VCPIP1 negatively regulates NF-κB signaling pathways by deubiquitinating and stabilizing Erbin in MDP-stimulated macrophages.

Abstract

Macrophages are present in all tissues and body compartments under homeostatic physiological conditions. Importantly, they play a key role in pathological inflammatory processes when disturbed. They can quickly produce large amounts of inflammatory cytokines in response to danger signals. Macrophages can recognize muramyl dipeptide (MDP) through nucleotide-binding oligomerization domain (NOD)-like receptors, subsequently activating the NF-κB signaling pathway and producing proinflammatory cytokines. Erbin can bind to NOD2 and inhibit MDP-induced NF-κB activation, thus participating in the regulation of inflammatory response. Stabilizing or enhancing Erbin expression is essential for suppressing inflammatory responses. In this study, we used a deubiquitination enzyme plasmid library to screen for a key deubiquitinase, VCPIP1, which interacts with Erbin and influences its stability through deubiquitination modification. We investigated whether VCPIP1 affects inflammation using MDP-stimulated RAW 264.7 and BMDMs cells.
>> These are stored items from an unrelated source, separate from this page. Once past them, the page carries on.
lemma tm_tmF_inverse_support_double: "tm (tmF_inverse_support (2 * n)) = tm n"
  using tm_double[of "moser_de_bruijn n"]
  by (simp add: tmF_inverse_support_def tm_moser_de_bruijn)

lemma tm_tmF_inverse_support_Suc_double:
  "tm (tmF_inverse_support (Suc (2 * n))) = tm (Suc n)"
  using tm_double_moser_de_bruijn_minus_one[of "Suc n"]
  by (simp add: tmF_inverse_support_def)

theorem mainTheorem9:
  fixes G :: "bit fps"
  assumes "fps_nth G 0 = 0"
    and "tmF oo G = fps_X"
    and "G oo tmF = fps_X"
  shows "(\<forall>n. real (tm (aseq G n)) =
            (real (tm n) + real (tm (n + 1))) / 2
            + (-1) ^ n * (real (tm n) - real (tm (n + 1))) / 2)
       \<and> (\<forall>n. tm (aseq G (2 * n)) = tm n \<and> tm (aseq G (2 * n + 1)) = tm (n + 1))"
proof -
  \<comment> \<open>Being a right inverse already determines \<open>G\<close>.\<close>
  have G: "G = tmF_inverse"
    using tmF_right_inverse_unique assms(1,2) by blast
  have even: "tm (aseq G (2 * n)) = tm n" and odd: "tm (aseq G (Suc (2 * n))) = tm (Suc n)" for n
    by (simp_all add: G aseq_tmF_inverse tm_tmF_inverse_support_double
        tm_tmF_inverse_support_Suc_double)
  have "real (tm (aseq G n)) = (real (tm n) + real (tm (n + 1))) / 2
      + (-1) ^ n * (real (tm n) - real (tm (n + 1))) / 2" for n
  proof (cases "even n")
    case True
    then show ?thesis
      using even[of "n div 2"] tm_double[of "n div 2"] by (auto elim!: evenE simp: field_simps)
  next
    case False
    then show ?thesis
      using odd[of "n div 2"] tm_double[of "Suc (n div 2)"] by (auto elim!: oddE simp: field_simps)
  qed
  with even odd show ?thesis
    by simp
qed

end
(* Let $\lambda>0$, $\omega_0\ne0$ with $\omega_0^2/(2\lambda)<2$, $e=1-\omega_0^2/(2\lambda)$, and let $\tilde{\mathbf r}_\lambda(t,\omega_0)$ be the trajectory defined in the context. Then for every $t\ge0$, with $\varphi=\varphi(t)$ and $f(\varphi),T(\varphi),b(\varphi)$ the cohesion, kinetic energy and root-mean-square size of the system at time $t$, $$f(\varphi)=\frac{C(\mathbf m)}{b(\varphi)\sqrt{\sum_jm_j}},\qquad T(\varphi)=\frac{C(\mathbf m)}{2b(\varphi)\sqrt{\sum_jm_j}}\cdot\frac{1+e^2-2e\cos\varphi}{1-e\cos\varphi}.$$
   Context: Fix $N\ge2$, masses $\mathbf m=(m_1,\dots,m_N)$, $m_i>0$, $\gamma>0$. Planar configuration space $\mathfrak R=\{\mathbf r=(\mathbf r_1,\dots,\mathbf r_N)\in(\mathbb R^2)^N:\ \mathbf r_i\neq\mathbf r_j \text{ for } i\neq j\}$; cohesion $f(\mathbf r)=\sum_{i<j}\frac{\gamma m_im_j}{|\mathbf r_j-\mathbf r_i|}$; $g(\mathbf r)=\sum_i m_i|\mathbf r_i|^2$; root-mean-square size $b(\mathbf r)=\sqrt{g(\mathbf r)/\sum_jm_j}$; kinetic energy $T=\frac12\sum_j m_j|\dot{\mathbf r}_j|^2$; $C(\mathbf m)=\min\{f(\mathbf r):\mathbf r\in\mathfrak R,\ g(\mathbf r)=1\}$. Let $\mathbf r_\lambda=(\mathbf r_{1\lambda},\dots,\mathbf r_{N\lambda})$ be a global minimizer of $f+\lambda g$ on $\mathfrak R$; identify $\mathbb R^2$ with $\mathbb C$, $z_{j\lambda}\leftrightarrow\mathbf r_{j\lambda}$. Put $a(\varphi)=(1-e)/(1-e\cos\varphi)$ and define $\varphi(t)$ by $\omega_0t=\int_0^{\varphi(t)}\frac{(1-e)^2\,d\alpha}{(1-e\cos\alpha)^2}$. The trajectory $\tilde{\mathbf r}_\lambda(t,\omega_0)$ has $j$-th particle at complex position $z_{j\lambda}a(\varphi(t))e^{i\varphi(t)}$; it solves the planar Newtonian $N$-body equations $m_j\ddot{\mathbf r}_j=\sum_{k\ne j}\gamma m_jm_k(\mathbf r_k-\mathbf r_j)/|\mathbf r_k-\mathbf r_j|^3$. *)

theory Defs
  imports "HOL-Analysis.Analysis"
begin
lemma nth_concat_window_pieces:
  assumes j: "j < m"
  shows "concat window_pieces ! j = concat us ! (i + j)"
proof -
  define q where "q = piece_idx us (i + j)"
  define j' where "j' = piece_idx window_pieces j"
  have r: "q < length us" "piece_start us q \<le> i + j" "i + j < piece_start us (Suc q)"
    using piece_idx_bounds[of "i + j" us] window_inside j unfolding q_def by auto
  have q: "q = first_piece + j'" "j' < n_parts"
    using piece_idx_window_pieces[OF j] unfolding q_def j'_def by auto
  have start: "piece_start window_pieces j' = min (i + m) (max i (piece_start us q)) - i"
    using piece_start_window_pieces[of j'] q by simp
  have offset:
    "i - piece_start us q + (j - piece_start window_pieces j') = i + j - piece_start us q"
    using r j start by (auto simp: min_def max_def)
  have "concat window_pieces ! j = window_part q ! (j - piece_start window_pieces j')"
    using concat_nth_piece_idx[of j window_pieces] length_concat_window_pieces j
      window_pieces_nth q unfolding j'_def by simp
  also have "\<dots> = us ! q ! (i + j - piece_start us q)"
  proof -
    have "i - piece_start us q \<le> length (take (i + m - piece_start us q) (us ! q))"
      using r j length_piece[OF r(1)] by auto
    then show ?thesis using r j unfolding window_part_def by (simp add: offset)
  qed
  also have "\<dots> = concat us ! (i + j)"
    using concat_nth_piece_idx[of "i + j" us] window_inside j unfolding q_def by simp
  finally show ?thesis .
qed
definition swap_letter :: "letter \<Rightarrow> letter" where
  "swap_letter a = (if a = X then Y else X)"

definition Delta_tilde :: "'a::field \<Rightarrow> int \<Rightarrow> nat \<Rightarrow> 'a V" where
  "Delta_tilde q m n = (\<Sum>u\<in>Cat n.
      smult_V (\<Prod>i=1..2*n. qint q (psum u (i - 1) + (if u ! (i - 1) = X then m else 0)))
              (basis_word (map swap_letter u)))"

(* Deletions, extended linearly: a^{-1} v  and  v a^{-1}.
   Coefficient of w in a^{-1} v is the coefficient of a w in v. *)
definition del_left :: "letter \<Rightarrow> 'a V \<Rightarrow> 'a V" where
  "del_left a v = (\<lambda>w. v (a # w))"

definition del_right :: "letter \<Rightarrow> 'a V \<Rightarrow> 'a V" where
  "del_right a v = (\<lambda>w. v (w @ [a]))"

definition del_left_pow :: "letter \<Rightarrow> nat \<Rightarrow> 'a V \<Rightarrow> 'a V" where
  "del_left_pow a k = (del_left a ^^ k)"

definition del_right_pow :: "letter \<Rightarrow> nat \<Rightarrow> 'a V \<Rightarrow> 'a V" where
  "del_right_pow a k = (del_right a ^^ k)"

(* Formal power series in t over V: nat \<Rightarrow> V (coefficient of t^n).
   Formal Laurent series in t over V: int \<Rightarrow> V (coefficient of t^N). *)
type_synonym 'a Vps = "nat \<Rightarrow> 'a V"
type_synonym 'a Vls = "int \<Rightarrow> 'a V"

definition ps_neg :: "'a::comm_ring_1 Vps \<Rightarrow> 'a Vps" where
  "ps_neg f = (\<lambda>n. smult_V ((-1) ^ n) (f n))"

definition to_laurent :: "'a::zero Vps \<Rightarrow> 'a Vls" where
  "to_laurent f = (\<lambda>N. if N \<ge> 0 then f (nat N) else (\<lambda>_. 0))"

(* multiplication by t^k, k an integer *)
definition lshift :: "int \<Rightarrow> 'a Vls \<Rightarrow> 'a Vls" where
  "lshift k F = (\<lambda>N. F (N - k))"

definition ls_smult :: "'a::times \<Rightarrow> 'a Vls \<Rightarrow> 'a Vls" where
  "ls_smult c F = (\<lambda>N. smult_V c (F N))"

definition ps_map :: "('a V \<Rightarrow> 'a V) \<Rightarrow> 'a Vps \<Rightarrow> 'a Vps" where
  "ps_map g f = (\<lambda>n. g (f n))"

definition Delta_ps :: "'a::field \<Rightarrow> int \<Rightarrow> 'a Vps" where
  "Delta_ps q m = Delta q m"

definition Delta_tilde_ps :: "'a::field \<Rightarrow> int \<Rightarrow> 'a Vps" where
  "Delta_tilde_ps q m = Delta_tilde q m"

end

theory Submission
  imports Defs
begin

text \<open>
  Read a word as a lattice path, \<open>x\<close> an up-step and \<open>y\<close> a down-step. The coefficient of a
  Catalan word in \<open>\<Delta>\<close> with parameter \<open>-m\<close> is the product of the weights \<open>[h - m]\<close> of its
  up-steps and \<open>[h]\<close> of its down-steps, \<open>h\<close> being the height a step starts from; it vanishes
  as soon as the path leaves the strip \<open>0 \<le> h \<le> m\<close>. Reflecting the strip (\<open>h \<mapsto> m - h\<close>)
  and swapping the letters multiplies every step weight by \<open>-1\<close>.
  The coefficient of \<open>w\<close> on the left is that of \<open>x\<^sup>l w y\<^sup>r\<close> in \<open>\<Delta>\<close>. This path climbs from 0
  to \<open>l\<close>, runs \<open>w\<close> from \<open>l\<close> to \<open>r\<close> and descends to 0, its framing steps contributing
  \<open>(-1)\<^sup>l [m]!/[m-l]!\<close> and \<open>[r]!\<close>. On the right, the path \<open>x\<^sup>m\<^sup>-\<^sup>l w' y\<^sup>m\<^sup>-\<^sup>r\<close>, with
  \<open>w'\<close> the letter swap of \<open>w\<close>, runs the reflection of \<open>w\<close>. So both sides are the same
  multiple of the weight of \<open>w\<close>.
\<close>

lemma bar_X [simp]: "bar X = 1" and bar_Y [simp]: "bar Y = -1"
  by (simp_all add: bar_def)
(* In the setting below, any two correct processes are intertwined: for all $i,j\in W$, every quorum $Q$ of $i$ and every quorum $Q'$ of $j$ satisfy $|Q\cap Q'|>f$.
   Context: Processes and faults: $\Pi$ is a finite set of processes, $f\ge0$ a known integer; $W\subseteq\Pi$ is the set of correct processes and $F=\Pi\setminus W$ the Byzantine faulty processes, $|F|\le f$. Faulty processes may declare arbitrary slices. Slices and quorums: each process $i$ has a set $\mathcal{S}_i$ of slices (subsets of $\Pi$). $Q\subseteq\Pi$ is a quorum if every $i\in Q$ has some $S\in\mathcal{S}_i$ with $S\subseteq Q$; a quorum of $i$ is a quorum containing $i$. Two correct processes $i,j$ are intertwined if $|Q\cap Q'|>f$ for every quorum $Q$ of $i$ and every quorum $Q'$ of $j$. Knowledge graph: each process $i$ is given $\mathit{PD}_i\subseteq\Pi$; $G_{\mathit{di}}$ is the directed graph on $\Pi$ with edge $(i,j)$ iff $j\in\mathit{PD}_i$. A sink component is a strongly connected component of $G_{\mathit{di}}$ from which no path leads outside it. A directed graph is $k$-OSR if (1) its underlying undirected graph is connected; (2) its condensation into strongly connected components has exactly one sink $G_{\mathit{sink}}$; (3) $G_{\mathit{sink}}$ is $k$-strongly connected (every ordered pair of its nodes joined by $k$ node-disjoint directed paths); (4) from every node outside $G_{\mathit{sink}}$ to every node in it there are at least $k$ node-disjoint directed paths. Standing assumption: $G_{\mathit{di}}$ has a unique sink component with vertex set $V_{\mathit{sink}}$, which contains at least $2f+1$ correct processes, and the graph obtained from $G_{\mathit{di}}$ by deleting $F$ is $(f+1)$-OSR. Slice construction: let $m=\lceil (|V_{\mathit{sink}}|+f+1)/2\rceil$. Every correct $i\in V_{\mathit{sink}}$ has $\mathcal{S}_i=\{S\subseteq V_{\mathit{sink}}: |S|=m\}$. Every correct $i\notin V_{\mathit{sink}}$ is given a set $V_i\subseteq V_{\mathit{sink}}$ containing at least $f+1$ correct members of $V_{\mathit{sink}}$, and has $\mathcal{S}_i=\{S\subseteq V_i: |S|=f+1\}$. *)

theory Defs
  imports Complex_Main
begin

definition is_quorum :: "'p set \<Rightarrow> ('p \<Rightarrow> 'p set set) \<Rightarrow> 'p set \<Rightarrow> bool" where
  "is_quorum P S Q \<longleftrightarrow> Q \<subseteq> P \<and> (\<forall>i\<in>Q. \<exists>T\<in>S i. T \<subseteq> Q)"

definition intertwined :: "'p set \<Rightarrow> ('p \<Rightarrow> 'p set set) \<Rightarrow> nat \<Rightarrow> 'p \<Rightarrow> 'p \<Rightarrow> bool" where
  "intertwined P S f i j \<longleftrightarrow>
     (\<forall>Q Q'. is_quorum P S Q \<and> i \<in> Q \<and> is_quorum P S Q' \<and> j \<in> Q' \<longrightarrow> card (Q \<inter> Q') > f)"

definition di_edges :: "'p set \<Rightarrow> ('p \<Rightarrow> 'p set) \<Rightarrow> ('p \<times> 'p) set" where
  "di_edges P PD = {(i, j). i \<in> P \<and> j \<in> P \<and> j \<in> PD i}"

definition scc :: "'p set \<Rightarrow> ('p \<times> 'p) set \<Rightarrow> 'p set \<Rightarrow> bool" where
  "scc V E C \<longleftrightarrow> C \<noteq> {} \<and> C \<subseteq> V \<and> (\<forall>u\<in>C. \<forall>v\<in>C. (u, v) \<in> E\<^sup>*) \<and>
     (\<forall>u\<in>C. \<forall>x\<in>V. (u, x) \<in> E\<^sup>* \<and> (x, u) \<in> E\<^sup>* \<longrightarrow> x \<in> C)"

definition sink_component :: "'p set \<Rightarrow> ('p \<times> 'p) set \<Rightarrow> 'p set \<Rightarrow> bool" where
  "sink_component V E C \<longleftrightarrow> scc V E C \<and> (\<forall>u\<in>C. \<forall>v. (u, v) \<in> E\<^sup>* \<longrightarrow> v \<in> C)"

definition is_path :: "'p set \<Rightarrow> ('p \<times> 'p) set \<Rightarrow> 'p list \<Rightarrow> 'p \<Rightarrow> 'p \<Rightarrow> bool" where
  "is_path V E xs u v \<longleftrightarrow> xs \<noteq> [] \<and> hd xs = u \<and> last xs = v \<and> distinct xs \<and> set xs \<subseteq> V \<and>
     (\<forall>n < length xs - 1. (xs ! n, xs ! Suc n) \<in> E)"

definition interior :: "'p list \<Rightarrow> 'p set" where
  "interior xs = set (butlast (tl xs))"

definition disjoint_paths :: "'p set \<Rightarrow> ('p \<times> 'p) set \<Rightarrow> nat \<Rightarrow> 'p \<Rightarrow> 'p \<Rightarrow> bool" where
  "disjoint_paths V E k u v \<longleftrightarrow> (\<exists>Ps. finite Ps \<and> card Ps = k \<and> (\<forall>p\<in>Ps. is_path V E p u v) \<and>
     (\<forall>p\<in>Ps. \<forall>q\<in>Ps. p \<noteq> q \<longrightarrow> interior p \<inter> interior q = {}))"

definition k_strongly_connected :: "'p set \<Rightarrow> ('p \<times> 'p) set \<Rightarrow> nat \<Rightarrow> bool" where
  "k_strongly_connected C E k \<longleftrightarrow>
     (\<forall>u\<in>C. \<forall>v\<in>C. u \<noteq> v \<longrightarrow> disjoint_paths C (E \<inter> (C \<times> C)) k u v)"

definition k_OSR :: "'p set \<Rightarrow> ('p \<times> 'p) set \<Rightarrow> nat \<Rightarrow> bool" where
  "k_OSR V E k \<longleftrightarrow>
     (\<forall>u\<in>V. \<forall>v\<in>V. (u, v) \<in> (E \<union> E\<inverse>)\<^sup>*) \<and>
     (\<exists>!C. sink_component V E C) \<and>
     (\<forall>C. sink_component V E C \<longrightarrow>
        k_strongly_connected C E k \<and> (\<forall>u\<in>V - C. \<forall>v\<in>C. disjoint_paths V E k u v))"

end

theory Submission
  imports Defs
begin

text \<open>Every quorum of a correct process contains m = \<lceil>(|V_sink| + f + 1) / 2\<rceil> members of V_sink:
  for a process in V_sink this is one of its slices; a process outside V_sink has a slice of
  f + 1 members of V_sink, at least one of them correct, and the quorum also contains a slice
  of that process. Two m-subsets of V_sink share at least 2m - |V_sink| \<ge> f + 1 elements.\<close>

lemma card_Int_gt_if_subsets_large:
  assumes "finite V" "A \<subseteq> V" "B \<subseteq> V" "card V + f < card A + card B"
  shows "f < card (A \<inter> B)"
proof -
  have "finite A" "finite B" using assms finite_subset by auto
  then have "card (A \<union> B) + card (A \<inter> B) = card A + card B" by (rule card_Un_Int[symmetric])
  moreover have "card (A \<union> B) \<le> card V" using assms by (intro card_mono) auto
  ultimately show ?thesis using assms(4) by linarith
qed

lemma le_two_mul_nat_ceiling_half: "n \<le> 2 * nat \<lceil>real n / 2\<rceil>"
proof -
  have "real n / 2 \<le> of_int \<lceil>real n / 2\<rceil>" by (rule le_of_int_ceiling)
  then show ?thesis by linarith
qed

lemma card_gt_faulty_imp_meets_correct:
  assumes "finite P" "T \<subseteq> P" "card (P - W) \<le> f" "f < card T"
  shows "T \<inter> W \<noteq> {}"
proof
  assume "T \<inter> W = {}"
  then have "T \<subseteq> P - W" using assms(2) by blast
  then have "card T \<le> card (P - W)" using assms(1) by (intro card_mono) auto
  then show False using assms(3,4) by linarith
qed

lemma quorum_contains_slice:
  assumes "is_quorum P S Q" "i \<in> Q"
  obtains T where "T \<in> S i" "T \<subseteq> Q"
  using assms unfolding is_quorum_def by blast

lemma quorum_of_correct_contains_sink_part:
  assumes finP: "finite P" and sink_sub: "Vsink \<subseteq> P"
    and faulty_bound: "card (P - W) \<le> f"
    and slices_sink: "\<forall>i\<in>W \<inter> Vsink. S i = {T. T \<subseteq> Vsink \<and> card T = m}"
    and slices_out: "\<forall>i\<in>W - Vsink. Vi i \<subseteq> Vsink \<and> S i = {T. T \<subseteq> Vi i \<and> card T = f + 1}"
    and quorum: "is_quorum P S Q" "i \<in> Q" "i \<in> W"
  shows "\<exists>T. T \<subseteq> Q \<and> T \<subseteq> Vsink \<and> card T = m"
proof -
  have in_sink_case: "\<exists>T. T \<subseteq> Q \<and> T \<subseteq> Vsink \<and> card T = m"
    if "j \<in> W \<inter> Vsink" "j \<in> Q" for j
  proof -
    obtain T where "T \<in> S j" "T \<subseteq> Q" using quorum(1) \<open>j \<in> Q\<close> by (rule quorum_contains_slice)
    with slices_sink that(1) show ?thesis by auto
  qed
  show ?thesis
  proof (cases "i \<in> Vsink")
    case True
    with in_sink_case quorum(2,3) show ?thesis by blast
  next
    case False
    obtain T where T: "T \<in> S i" "T \<subseteq> Q" using quorum(1,2) by (rule quorum_contains_slice)
    with slices_out False quorum(3) have "T \<subseteq> Vsink" "card T = f + 1" by auto
    then have "T \<inter> W \<noteq> {}"
      using sink_sub by (intro card_gt_faulty_imp_meets_correct[OF finP _ faulty_bound]) auto
    then obtain j where "j \<in> T" "j \<in> W" by blast
    with in_sink_case \<open>T \<subseteq> Vsink\<close> T(2) show ?thesis by blast
  qed
qed

text \<open>The knowledge-graph hypotheses, and the f + 1 correct members of each V_i, are what lets
  processes build these slices; intertwinedness itself needs only the slices and the fault bound.\<close>

theorem theorem3:
  fixes P :: "'p set" and f :: nat and W :: "'p set"
    and S :: "'p \<Rightarrow> 'p set set" and PD :: "'p \<Rightarrow> 'p set"
    and Vsink :: "'p set" and Vi :: "'p \<Rightarrow> 'p set"
  assumes finP: "finite P"
    and W_sub: "W \<subseteq> P"
    and faulty_bound: "card (P - W) \<le> f"
    and PD_sub: "\<forall>i\<in>P. PD i \<subseteq> P"
    and slices_sub: "\<forall>i\<in>P. \<forall>T\<in>S i. T \<subseteq> P"
    and sink: "sink_component P (di_edges P PD) Vsink"
    and sink_unique: "\<forall>C. sink_component P (di_edges P PD) C \<longrightarrow> C = Vsink"
    and sink_correct: "card (Vsink \<inter> W) \<ge> 2 * f + 1"
    and osr: "k_OSR W (di_edges P PD \<inter> (W \<times> W)) (f + 1)"
    and slices_sink: "\<forall>i\<in>W \<inter> Vsink.
        S i = {T. T \<subseteq> Vsink \<and> card T = nat \<lceil>real (card Vsink + f + 1) / 2\<rceil>}"
    and slices_out: "\<forall>i\<in>W - Vsink. Vi i \<subseteq> Vsink \<and> card (Vi i \<inter> W) \<ge> f + 1 \<and>
        S i = {T. T \<subseteq> Vi i \<and> card T = f + 1}"
  shows "\<forall>i\<in>W. \<forall>j\<in>W. intertwined P S f i j"
  unfolding intertwined_def
proof (intro ballI allI impI)
  fix i j Q Q'
  assume "i \<in> W" "j \<in> W"
    and quorums: "is_quorum P S Q \<and> i \<in> Q \<and> is_quorum P S Q' \<and> j \<in> Q'"
  define m where "m = nat \<lceil>real (card Vsink + f + 1) / 2\<rceil>"
  have sink_sub: "Vsink \<subseteq> P" using sink unfolding sink_component_def scc_def by blast
  have slices_out': "\<forall>i\<in>W - Vsink. Vi i \<subseteq> Vsink \<and> S i = {T. T \<subseteq> Vi i \<and> card T = f + 1}"
    using slices_out by blast
  note sink_part = quorum_of_correct_contains_sink_part[OF finP sink_sub faulty_bound
      slices_sink[folded m_def] slices_out']
  obtain T where T: "T \<subseteq> Q" "T \<subseteq> Vsink" "card T = m"
    using sink_part[of Q i] quorums \<open>i \<in> W\<close> by blast
  obtain T' where T': "T' \<subseteq> Q'" "T' \<subseteq> Vsink" "card T' = m"
    using sink_part[of Q' j] quorums \<open>j \<in> W\<close> by blast
  have "card Vsink + f < card T + card T'"
    using le_two_mul_nat_ceiling_half[of "card Vsink + f + 1"] T(3) T'(3) m_def by linarith
  then have "f < card (T \<inter> T')"
    by (rule card_Int_gt_if_subsets_large[OF finite_subset[OF sink_sub finP] T(2) T'(2)])
  also have "card (T \<inter> T') \<le> card (Q \<inter> Q')"
    using quorums finP T(1) T'(1) unfolding is_quorum_def
    by (intro card_mono) (auto intro: finite_subset)
  finally show "f < card (Q \<inter> Q')" .
qed

end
The results showed that VCPIP1 deficiency reduced Erbin expression and increased NF-κB phosphorylation. Additionally, VCPIP1 deficiency promoted the release of inflammatory factors (IL-1β, IL-6, and TNF-α) in RAW 264.7 cells and BMDMs. This study further expands the role of deubiquitinases (DUBs) in inflammation, providing new insights for the prevention and treatment of sepsis, tumors, immune diseases, and other inflammatory reactions.